Por Ulises Gil, periodista de G&M News.
La industria global de los Esports está experimentando una transformación significativa. Tras la decisión anunciada a fines de junio de 2025, la reconocida desarrolladora de videojuegos Riot Games habilitó formalmente los patrocinios de casas de apuestas deportivas en sus ligas profesionales de League of Legends y Valorant. Sin embargo, fue recién en las últimas semanas de julio de 2025 cuando esta política comenzó a materializarse, con equipos profesionales recibiendo propuestas formales de patrocinadores vinculados al juego online y las apuestas.
Según confirmaron diversas fuentes, varios clubes del ecosistema competitivo de Riot iniciaron negociaciones con operadores de apuestas debidamente licenciados. Para concretar los acuerdos, deben cumplir una serie de requisitos que la empresa considera “fundamentales para proteger la integridad competitiva” y la imagen de sus marcas.
Uno de esos pilares es la prohibición total de mostrar marcas de apuestas en las camisetas de los jugadores, transmisiones o canales oficiales. Además, los equipos deberán implementar protocolos internos de integridad, contar con proveedores de datos oficiales (como GRID Esports) y reinvertir parte de los ingresos obtenidos en el desarrollo de ligas de menor escala (Tier 2).
El trasfondo económico es contundente: de acuerdo a estimaciones del sector, las apuestas en juegos como LoL y Valorant habrían movido más de US$10.000 millones en 2024, sin que Riot Games recibiera participación directa. Ante la contracción del ecosistema pospandemia y la disminución de sponsors tradicionales, el nuevo enfoque de la compañía apunta a generar ingresos estables, descentralizados y con reglas claras.
Desde el punto de vista empresarial, la medida se alinea con un creciente interés por parte de los operadores de iGaming, quienes ya están integrando verticales específicas para Esports en sus plataformas, incluyendo mercados en vivo, microapuestas y bonos promocionales para eventos competitivos.
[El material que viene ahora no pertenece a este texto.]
section \<open>Truncated Riordan matrices\<close>

lemma riordan_trunc_mult:
  fixes p q :: "'a::comm_ring_1 fps \<times> 'a fps"
  assumes "snd p $ 0 = 0"
  shows "riordan_trunc n (riordan_mult p q) = trunc_mat_mult n (riordan_trunc n p) (riordan_trunc n q)"
proof (intro ext)
  fix i j
  obtain g1 f1 g2 f2 where p: "p = (g1, f1)" and q: "q = (g2, f2)"
    by (cases p, cases q)
  have f1: "f1 $ 0 = 0"
    using assms p by simp
  have "g1 * (g2 oo f1) * (f2 oo f1) ^ j = g1 * ((g2 * f2 ^ j) oo f1)"
    by (simp add: fps_compose_mult_distrib_comm_ring[OF f1] fps_compose_power_comm_ring[OF f1] mult.assoc)
  then have "i \<le> n \<Longrightarrow> (g1 * (g2 oo f1) * (f2 oo f1) ^ j) $ i = (\<Sum>k\<le>n. (g2 * f2 ^ j) $ k * (g1 * f1 ^ k) $ i)"
    by (simp add: fps_mult_compose_nth_le[OF f1])
  then show "riordan_trunc n (riordan_mult p q) i j = trunc_mat_mult n (riordan_trunc n p) (riordan_trunc n q) i j"
    by (simp add: riordan_trunc_def trunc_mat_mult_def p q mult.commute)
qed

lemma riordan_trunc_one: "riordan_trunc n (1, fps_X) = trunc_mat_one n"
  by (intro ext) (simp add: riordan_trunc_def trunc_mat_one_def)

lemma riordan_trunc_hom: "riordan_trunc n \<in> hom SR_group (TSR n :: (nat \<Rightarrow> nat \<Rightarrow> 'a::comm_ring_1) monoid)"
proof (rule homI)
  fix p q :: "'a fps \<times> 'a fps"
  assume "p \<in> carrier SR_group"
  then show "riordan_trunc n (p \<otimes>\<^bsub>SR_group\<^esub> q) = riordan_trunc n p \<otimes>\<^bsub>TSR n\<^esub> riordan_trunc n q"
    by (cases p) (simp add: trunc_group_def riordan_trunc_mult del: riordan_mult_Pair)
qed (simp add: trunc_group_def)

lemma group_TSR: "group (TSR n :: (nat \<Rightarrow> nat \<Rightarrow> 'a::comm_ring_1) monoid)"
proof -
  have "group ((TSR n)\<lparr>carrier := riordan_trunc n ` carrier SR_group,
      one := riordan_trunc n \<one>\<^bsub>SR_group :: ('a fps \<times> 'a fps) monoid\<^esub>\<rparr>)"
    by (rule group.hom_imp_img_group[OF group_SR riordan_trunc_hom])
  then show ?thesis
    by (simp add: trunc_group_def riordan_trunc_one)
qed

lemma riordan_trunc_Appell:
  "riordan_trunc n (g, fps_X) i j = (if i \<le> n \<and> j \<le> n \<and> j \<le> i then g $ (i - j) else 0)"
  by (auto simp: riordan_trunc_def fps_X_power_mult_right_nth)

text \<open>Since \<open>(g, f) = (g, t) (1, f)\<close>, the Lagrange factor of a truncated matrix is obtained
  by dividing off its Appell factor, which is the Toeplitz matrix of its first column.\<close>

definition trunc_Appell_part :: "nat \<Rightarrow> (nat \<Rightarrow> nat \<Rightarrow> 'a::comm_ring_1) \<Rightarrow> (nat \<Rightarrow> nat \<Rightarrow> 'a)" where
  "trunc_Appell_part n M = (\<lambda>i j. if i \<le> n \<and> j \<le> n \<and> j \<le> i then M (i - j) 0 else 0)"

definition trunc_Lagrange_part :: "nat \<Rightarrow> (nat \<Rightarrow> nat \<Rightarrow> 'a::comm_ring_1) \<Rightarrow> (nat \<Rightarrow> nat \<Rightarrow> 'a)" where
  "trunc_Lagrange_part n M = inv\<^bsub>TSR n\<^esub> (trunc_Appell_part n M) \<otimes>\<^bsub>TSR n\<^esub> M"

lemma trunc_Appell_part_riordan_trunc:
  "trunc_Appell_part n (riordan_trunc n (g, f)) = riordan_trunc n (g, fps_X)"
  by (intro ext) (auto simp: trunc_Appell_part_def riordan_trunc_def fps_X_power_mult_right_nth)

lemma trunc_Lagrange_part_riordan_trunc:
  assumes "p \<in> (SR_carrier :: ('a::comm_ring_1 fps \<times> 'a fps) set)"
  shows "trunc_Lagrange_part n (riordan_trunc n p) = riordan_trunc n (1, snd p)"
proof -
  interpret trunc: group_hom "SR_group :: ('a fps \<times> 'a fps) monoid" "TSR n" "riordan_trunc n"
    unfolding group_hom_def group_hom_axioms_def using group_SR group_TSR riordan_trunc_hom by blast
  obtain g f where p: "p = (g, f)"
    by (cases p)
  have Appell: "(g, fps_X) \<in> carrier SR_group" and Lagrange: "(1, f) \<in> carrier SR_group"
    using assms p by simp_all
  have split: "riordan_trunc n p = riordan_trunc n (g, fps_X) \<otimes>\<^bsub>TSR n\<^esub> riordan_trunc n (1, f)"
    using trunc.hom_mult[OF Appell Lagrange] by (simp add: p)
  have "trunc_Lagrange_part n (riordan_trunc n p)
      = inv\<^bsub>TSR n\<^esub> (riordan_trunc n (g, fps_X)) \<otimes>\<^bsub>TSR n\<^esub> riordan_trunc n p"
    by (simp add: trunc_Lagrange_part_def p trunc_Appell_part_riordan_trunc)
  also have "\<dots> = riordan_trunc n (1, f)"
    unfolding split using Appell Lagrange by (simp add: trunc.H.m_assoc[symmetric])
  finally show ?thesis
    by (simp add: p)
qed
Distintas firmas están recibiendo financiamiento récord para escalar su tecnología y ofrecer productos de alto valor agregado a casinos y casas de apuestas.
No obstante, la política también ha desatado críticas dentro de la comunidad. Jugadores y seguidores advirtieron sobre la posible normalización del juego en audiencias jóvenes, además de riesgos como la manipulación de resultados o el aumento de conductas problemáticas. Desde Riot, respondieron que la nueva política fue diseñada para minimizar estos peligros, enfocándose en mercados regulados y sin modificar la experiencia del espectador casual.
En paralelo, reguladores de distintas jurisdicciones, como Estados Unidos, Europa y Latinoamérica, siguen de cerca la evolución de esta apertura. Es probable que, en los próximos meses, se discutan nuevas pautas para supervisar la actividad de las apuestas vinculadas al ecosistema competitivo de los videojuegos.
En definitiva, el desembarco formal de las apuestas en las ligas de Riot Games marca un punto de inflexión para los Esports. Se trata de una iniciativa con potencial de generar ingresos significativos para equipos, desarrolladores y operadores del juego, aunque también plantea desafíos éticos, comerciales y regulatorios que aún están en plena discusión.